According to Liptak, the average prisoner on death row has spent 13 years there, and the odds of growing old in prison are pretty good.
About 3,300 inmates are on death row in the United States. Last year, there were 46 executions.
According to a study published in 2004 in the Journal of Empirical Legal Studies, 5 percent of the 5,826 death sentences imposed from 1973 to 1995 were carried out in those years. By contrast, the study found, there was a 68 percent chance that death sentences in those years would be overturned by the courts.

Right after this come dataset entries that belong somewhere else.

lemma second_moment_avg_saga_sample:
  assumes m: "m \<ge> 1"
  shows "(1 / real m ^ n) * (\<Sum>\<tau>\<in>PiE {..<n} (\<lambda>_. {..<m}). (norm (avg_x n (\<lambda>i. saga_sample m gf x z i (\<tau> i))))\<^sup>2)
       = (norm (avg_x n (\<lambda>i. (1 / real m) *\<^sub>R (\<Sum>j<m. gf i j (x i)))))\<^sup>2
         + (1 / real n)\<^sup>2 * (\<Sum>i<n. (1 / real m) * (\<Sum>j<m. (norm (saga_sample m gf x z i j))\<^sup>2)
                                  - (norm ((1 / real m) *\<^sub>R (\<Sum>j<m. saga_sample m gf x z i j)))\<^sup>2)"
proof -
  let ?T = "PiE {..<n} (\<lambda>_. {..<m})" and ?G = "saga_sample m gf x z"
  have "(1 / real m ^ n) * (\<Sum>\<tau>\<in>?T. (norm (\<Sum>i<n. ?G i (\<tau> i)))\<^sup>2)
      = (norm (\<Sum>i<n. (1 / real m) *\<^sub>R (\<Sum>j<m. ?G i j)))\<^sup>2
        + (\<Sum>i<n. (1 / real m) * (\<Sum>j<m. (norm (?G i j))\<^sup>2) - (norm ((1 / real m) *\<^sub>R (\<Sum>j<m. ?G i j)))\<^sup>2)"
    using mean_PiE_norm_sq[of "{..<n}" "{..<m}" ?G] m by (simp add: lessThan_empty_iff)
  moreover have sq: "(norm (avg_x n v))\<^sup>2 = (1 / real n)\<^sup>2 * (norm (\<Sum>i<n. v i))\<^sup>2" for v :: "nat \<Rightarrow> real^'p"
    by (simp add: avg_x_def power_divide)
  then have "(1 / real m ^ n) * (\<Sum>\<tau>\<in>?T. (norm (avg_x n (\<lambda>i. ?G i (\<tau> i))))\<^sup>2)
      = (1 / real n)\<^sup>2 * ((1 / real m ^ n) * (\<Sum>\<tau>\<in>?T. (norm (\<Sum>i<n. ?G i (\<tau> i)))\<^sup>2))"
    by (simp only: sq flip: sum_distrib_left) (simp only: mult.left_commute)
  moreover have "(norm (avg_x n (\<lambda>i. (1 / real m) *\<^sub>R (\<Sum>j<m. gf i j (x i)))))\<^sup>2
      = (1 / real n)\<^sup>2 * (norm (\<Sum>i<n. (1 / real m) *\<^sub>R (\<Sum>j<m. ?G i j)))\<^sup>2"
    by (simp only: sq sum_saga_sample)
  ultimately show ?thesis
    by (simp only: distrib_left)
qed

definition descent_quadratic :: "nat \<Rightarrow> nat \<Rightarrow> real \<Rightarrow> real \<Rightarrow> (real^'p \<Rightarrow> real) \<Rightarrow> (real^'p \<Rightarrow> real^'p)
    \<Rightarrow> (nat \<Rightarrow> nat \<Rightarrow> real^'p \<Rightarrow> real^'p) \<Rightarrow> 'p gt_state \<Rightarrow> draw \<Rightarrow> real" where
  "descent_quadratic n m L \<alpha> F gF gf s d =
     F (avg_x n (fst s)) - \<alpha> * (gF (avg_x n (fst s)) \<bullet> avg_x n (saga_grad m gf s d))
     + L * \<alpha>\<^sup>2 / 2 * (norm (avg_x n (saga_grad m gf s d)))\<^sup>2"

lemma F_gt_saga_Suc_le:
  assumes "lipschitz_gradient L F gF" "doubly_stochastic n W"
  shows "F (avg_x n (fst (gt_saga n m W \<alpha> gf x0 (Suc k) \<omega>)))
       \<le> descent_quadratic n m L \<alpha> F gF gf (gt_saga n m W \<alpha> gf x0 k \<omega>) (\<omega> k)"
proof -
  let ?xb = "avg_x n (fst (gt_saga n m W \<alpha> gf x0 k \<omega>))"
  let ?g = "avg_x n (saga_grad m gf (gt_saga n m W \<alpha> gf x0 k \<omega>) (\<omega> k))"
  have "avg_x n (fst (gt_saga n m W \<alpha> gf x0 (Suc k) \<omega>)) = ?xb - \<alpha> *\<^sub>R ?g"
    by (rule avg_x_gt_saga_Suc[OF assms(2)])
  then show ?thesis
    using lipschitz_gradient_descent[OF assms(1), of "?xb - \<alpha> *\<^sub>R ?g" ?xb]
    by (simp add: descent_quadratic_def power_mult_distrib)
qed

lemma descent_quadratic_cong:
  assumes "state_eq_on n s s'" "draw_eq_on n d d'"
  shows "descent_quadratic n m L \<alpha> F gF gf s d = descent_quadratic n m L \<alpha> F gF gf s' d'"
proof -
  have "avg_x n (saga_grad m gf s d) = avg_x n (saga_grad m gf s' d')"
    using assms by (auto simp: draw_eq_on_def intro!: avg_x_cong saga_grad_cong)
  then show ?thesis
    using avg_x_state_cong[OF assms(1)] by (simp add: descent_quadratic_def)
qed

lemma expectation_descent_quadratic:
  fixes n :: nat and gf :: "nat \<Rightarrow> nat \<Rightarrow> real^'p \<Rightarrow> real^'p" and x :: "nat \<Rightarrow> real^'p"
    and z :: "nat \<Rightarrow> nat \<Rightarrow> real^'p"
  assumes m: "m \<ge> 1"
  defines "gs \<tau> \<equiv> avg_x n (\<lambda>i. saga_sample m gf x z i (\<tau> i))"
  shows "measure_pmf.expectation (draw_pmf n m) (descent_quadratic n m L \<alpha> F gF gf (x, y, z, gp))
       = F (avg_x n x) - \<alpha> * (gF (avg_x n x) \<bullet> ((1 / real m ^ n) *\<^sub>R (\<Sum>\<tau>\<in>PiE {..<n} (\<lambda>_. {..<m}). gs \<tau>)))
         + L * \<alpha>\<^sup>2 / 2 * ((1 / real m ^ n) * (\<Sum>\<tau>\<in>PiE {..<n} (\<lambda>_. {..<m}). (norm (gs \<tau>))\<^sup>2))"
proof -
  let ?T = "PiE {..<n} (\<lambda>_. {..<m})" and ?xb = "avg_x n x"
  let ?q = "\<lambda>\<tau>. F ?xb - \<alpha> * (gF ?xb \<bullet> gs \<tau>) + L * \<alpha>\<^sup>2 / 2 * (norm (gs \<tau>))\<^sup>2"
  have "descent_quadratic n m L \<alpha> F gF gf (x, y, z, gp) = (\<lambda>d. ?q (fst d))"
    by (simp add: fun_eq_iff descent_quadratic_def gs_def avg_x_def saga_grad_eq_saga_sample)
  then have "measure_pmf.expectation (draw_pmf n m) (descent_quadratic n m L \<alpha> F gF gf (x, y, z, gp))
      = (1 / real m ^ n) * (\<Sum>\<tau>\<in>?T. ?q \<tau>)"
    using expectation_draw_pmf_fst[OF m, of n ?q] by simp
  also have "(\<Sum>\<tau>\<in>?T. ?q \<tau>)
      = real m ^ n * F ?xb - \<alpha> * (gF ?xb \<bullet> (\<Sum>\<tau>\<in>?T. gs \<tau>)) + L * \<alpha>\<^sup>2 / 2 * (\<Sum>\<tau>\<in>?T. (norm (gs \<tau>))\<^sup>2)"
    by (simp add: sum.distrib sum_subtractf sum_distrib_left inner_sum_right card_PiE)
  finally show ?thesis
    using m by (simp add: distrib_left right_diff_distrib mult.left_commute)
qed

Sarah H. Cleveland, a law professor at Columbia and a former State Department official, said there was a gap between the United States and much of the rest of the world on this point. “Although concerns about the human impact of excessive time spent on death row have received little attention in this country, the ‘death row phenomenon’ — including lengthy time on death row — has been recognized as inhuman punishment and illegal throughout Europe since the 1980s,” she said in an e-mail.
In 1978, when he was 27, Manuel Valle killed a police officer in Coral Gables, Fla. Last month, when he was 61, Mr. Valle was put to death for his crime. A couple of hours before his execution, the Supreme Court refused to grant him a stay—with one dissent. Justice Stephen G. Breyer wrote that the 33 years Valle spent on death row amounted to cruel and unusual punishment.